La moltitudine di liste spesso è la fotografia di un sistema che preferisce il rimpasto di equilibri locali alla costruzione di responsabilità politiche chiare

Liste come labirinti tra nomi, simboli e smarrimento politico

La Campania si presenta al voto in una confusione di nomi e simboli che raramente è stata così eloquente. La moltitudine di liste non è un trionfo della democrazia partecipata ma spesso la fotografia di un sistema che preferisce il rimpasto di equilibri locali alla costruzione di responsabilità politiche chiare.

Vedere candidati piazzati per rappresentare interessi di qualche circolo, sprazzi di clientela territoriale o semplicemente per rimpolpare una lista è sconcertante, non perché la società civile non debba avere spazio, ma perché la politica, quando si ingombra di candidature così eterogenee, perde la capacità di dire cosa vuole fare e con quali mezzi.

C’è una componente cinica in questo fenomeno: professionisti della poltrona che si spostano come tessere, ex amministratori che tornano per placare rendite locali, figure improbabili piazzate per equilibri di corrente. E c’è una componente più ingenua ma altrettanto perniciosa: liste civiche e micro-aggregazioni nate dall’emotività del territorio, dal risentimento o dall’opportunità contingente, senza un progetto coerente. Il risultato è un’offerta politica che si frammenta fino all’incomprensibilità, trasformando il voto in un gesto emotivo più che in una scelta di responsabilità.

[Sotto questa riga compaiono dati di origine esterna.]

theorem eta_gain_surrogate_gain_gap:
  assumes pol: "is_policy p" and polq: "is_policy q"
    and mu: "\<And>s. 0 \<le> mu s" "(\<Sum>s\<in>UNIV. mu s) = 1"
    and D: "\<And>s. dtv (p s) (q s) \<le> D"
    and Abar: "\<And>s a. \<bar>Adv P r \<gamma> p s a\<bar> \<le> Abar"
  shows "\<bar>(eta P r \<gamma> q mu - eta P r \<gamma> p mu)
          - (surrogate P r \<gamma> mu p q - surrogate P r \<gamma> mu p p)\<bar>
         \<le> 4 * Abar * \<gamma> * D^2 / (1 - \<gamma>)^2"
proof -
  let ?G = "\<lambda>s. \<Sum>a\<in>UNIV. q s a * Adv P r \<gamma> p s a"
  have Abar_nonneg: "0 \<le> Abar" using Abar[of undefined undefined] by linarith
  have G_le: "\<bar>?G s\<bar> \<le> 2 * Abar * D" for s
  proof -
    have "?G s = (\<Sum>a\<in>UNIV. (q s a - p s a) * Adv P r \<gamma> p s a)"
      using sum_policy_Adv[OF pol, where r=r and s=s] by (simp add: left_diff_distrib sum_subtractf)
    also have "\<bar>\<dots>\<bar> \<le> 2 * Abar * dtv (p s) (q s)"
      by (rule abs_sum_diff_mult_le_dtv[where f="Adv P r \<gamma> p s", OF Abar])
    also have "\<dots> \<le> 2 * Abar * D" using mult_left_mono[OF D[of s], of "2 * Abar"] Abar_nonneg by simp
    finally show ?thesis .
  qed
  have "(eta P r \<gamma> q mu - eta P r \<gamma> p mu) - (surrogate P r \<gamma> mu p q - surrogate P r \<gamma> mu p p)
      = (\<Sum>s\<in>UNIV. (visit P \<gamma> q mu s - visit P \<gamma> p mu s) * ?G s)"
    by (simp add: performance_difference[OF pol polq] surrogate_gain_eq[OF pol] pol_adv_def
        left_diff_distrib sum_subtractf)
  hence "\<bar>(eta P r \<gamma> q mu - eta P r \<gamma> p mu) - (surrogate P r \<gamma> mu p q - surrogate P r \<gamma> mu p p)\<bar>
      = \<bar>\<Sum>s\<in>UNIV. (visit P \<gamma> q mu s - visit P \<gamma> p mu s) * ?G s\<bar>"
    by (rule arg_cong)
  also have "\<dots> \<le> (\<Sum>s\<in>UNIV. \<bar>visit P \<gamma> q mu s - visit P \<gamma> p mu s\<bar>) * (2 * Abar * D)"
    unfolding sum_distrib_right
    by (rule order_trans[OF sum_abs], rule sum_mono)
      (simp only: abs_mult, rule mult_left_mono[OF G_le abs_ge_zero])
  also have "\<dots> \<le> (2 * D * \<gamma> / (1 - \<gamma>)^2) * (2 * Abar * D)"
    using Abar_nonneg order.trans[OF dtv_nonneg D]
    by (intro mult_right_mono sum_abs_visit_diff_le[OF pol polq mu D]) simp
  also have "\<dots> = 4 * Abar * \<gamma> * D^2 / (1 - \<gamma>)^2"
    by (simp add: power2_eq_square)
  finally show ?thesis .
qed
(* For every integer $k\ge 1$, every $\mathcal{O}_k$-free graph $G$ of girth at least 11 has average degree $2|E(G)|/|V(G)|$ at most $2k$.
   Context: All graphs are finite, simple and nonempty. Two vertex-disjoint subgraphs are independent if there is no edge between them. A graph $G$ is $\mathcal{O}_k$-free if it does not contain $k$ pairwise vertex-disjoint and pairwise independent cycles; equivalently, $G$ has no induced subgraph isomorphic to a disjoint union of $k$ cycles. The girth is the minimum length of a cycle (infinite for forests). *)

theory Defs
  imports Complex_Main
begin

definition simple_graph :: "'a set \<Rightarrow> ('a \<Rightarrow> 'a \<Rightarrow> bool) \<Rightarrow> bool" where
  "simple_graph V E \<longleftrightarrow> finite V \<and> V \<noteq> {} \<and>
     (\<forall>u v. E u v \<longrightarrow> u \<in> V \<and> v \<in> V) \<and>
     (\<forall>u v. E u v \<longrightarrow> E v u) \<and> (\<forall>u. \<not> E u u)"

definition edges :: "('a \<Rightarrow> 'a \<Rightarrow> bool) \<Rightarrow> 'a set set" where
  "edges E = {{u, v} | u v. E u v}"

definition is_cycle :: "'a set \<Rightarrow> ('a \<Rightarrow> 'a \<Rightarrow> bool) \<Rightarrow> 'a list \<Rightarrow> bool" where
  "is_cycle V E cs \<longleftrightarrow> length cs \<ge> 3 \<and> distinct cs \<and> set cs \<subseteq> V \<and>
     (\<forall>i < length cs. E (cs ! i) (cs ! ((i + 1) mod length cs)))"

definition girth_at_least :: "'a set \<Rightarrow> ('a \<Rightarrow> 'a \<Rightarrow> bool) \<Rightarrow> nat \<Rightarrow> bool" where
  "girth_at_least V E g \<longleftrightarrow> (\<forall>cs. is_cycle V E cs \<longrightarrow> length cs \<ge> g)"

definition independent_sets :: "('a \<Rightarrow> 'a \<Rightarrow> bool) \<Rightarrow> 'a set \<Rightarrow> 'a set \<Rightarrow> bool" where
  "independent_sets E A B \<longleftrightarrow> (\<forall>a\<in>A. \<forall>b\<in>B. \<not> E a b)"

definition O_free :: "'a set \<Rightarrow> ('a \<Rightarrow> 'a \<Rightarrow> bool) \<Rightarrow> nat \<Rightarrow> bool" where
  "O_free V E k \<longleftrightarrow> \<not> (\<exists>Cs :: 'a list list. length Cs = k \<and>
      (\<forall>i < k. is_cycle V E (Cs ! i)) \<and>
      (\<forall>i < k. \<forall>j < k. i \<noteq> j \<longrightarrow>
          set (Cs ! i) \<inter> set (Cs ! j) = {} \<and>
          independent_sets E (set (Cs ! i)) (set (Cs ! j))))"

end

theory Submission
  imports Defs
begin

text \<open>If \<open>|E| > k|V|\<close>, deleting vertices of degree at most \<open>k\<close> one at a time leaves a
nonempty subgraph \<open>H\<close> of minimum degree at least \<open>k + 1\<close>. Let \<open>C\<close> be a shortest cycle of \<open>H\<close>
and \<open>N[C]\<close> its closed neighbourhood. Girth at least 9 (all the argument uses) implies that a
vertex outside \<open>N[C]\<close> has at most one neighbour in \<open>N[C]\<close>: two would close either a 4-cycle
or a detour of at most three vertices between two vertices of \<open>C\<close>, which together with the
shorter arc of \<open>C\<close> is a cycle shorter than \<open>C\<close>. Hence \<open>H - N[C]\<close> has minimum degree at least
\<open>k\<close> (and is nonempty when \<open>k \<ge> 2\<close>), and by induction it contains \<open>k - 1\<close> pairwise disjoint,
independent cycles, all independent from \<open>C\<close>.\<close>

definition cycle :: "('a \<Rightarrow> 'a \<Rightarrow> bool) \<Rightarrow> 'a list \<Rightarrow> bool" where
  "cycle E cs \<longleftrightarrow> 3 \<le> length cs \<and> distinct cs \<and> successively E cs \<and> E (last cs) (hd cs)"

La critica non è fatta per il gusto di criticare, ma per riportare l’attenzione su alcuni nodi concreti. La selezione dei candidati deve basarsi su competenza verificabile, curricula sintetici e trasparenza sui conflitti di interesse. I programmi non possono restare slogan generici ma devono articolarsi in priorità misurabili e tempi certi. I partiti e le coalizioni devono rispondere del perché scelgono determinate persone e come queste incarnino obiettivi di legislatura.

Si può essere severi senza essere distruttivi. Respingere il qualunquismo che liquida ogni candidatura come inutile non significa accettare supinamente la logica dell’ingrassamento delle liste. Serve invece una riforma culturale delle pratiche di candidatura che unisca pluralismo e responsabilità, che difenda la possibilità di voci nuove senza trasformare ogni competizione in una fiera di raccomandazioni e camuffamenti.

Ai cittadini va ricordato un punto semplice e spesso eluso. In un’elezione regionale la posta non è solo il cambiamento dell’assetto politico, ma la qualità concreta dei servizi, della sanità, dei trasporti e del governo del territorio. Votare bene significa informarsi sui nomi, chiedere impegni precisi, non cedere al chiasso mediatico né alle appartenenze clientelari. I partiti maggiori hanno la responsabilità di non scaricare sulle liste civetta i loro problemi di selezione. Le liste piccole hanno la responsabilità di dimostrare che la loro presenza arricchisce il dibattito con proposte reali.

Se vogliamo che la Campania esca da questo girovagare tra simboli e interessi occasionali, chiediamo che la politica torni a essere un esercizio di responsabilità e non una somma di opportunismi. Solo così la pluralità tornerà ad essere una risorsa e non un rumore di fondo che impedisce di capire chi davvero vuole governare per il bene comune.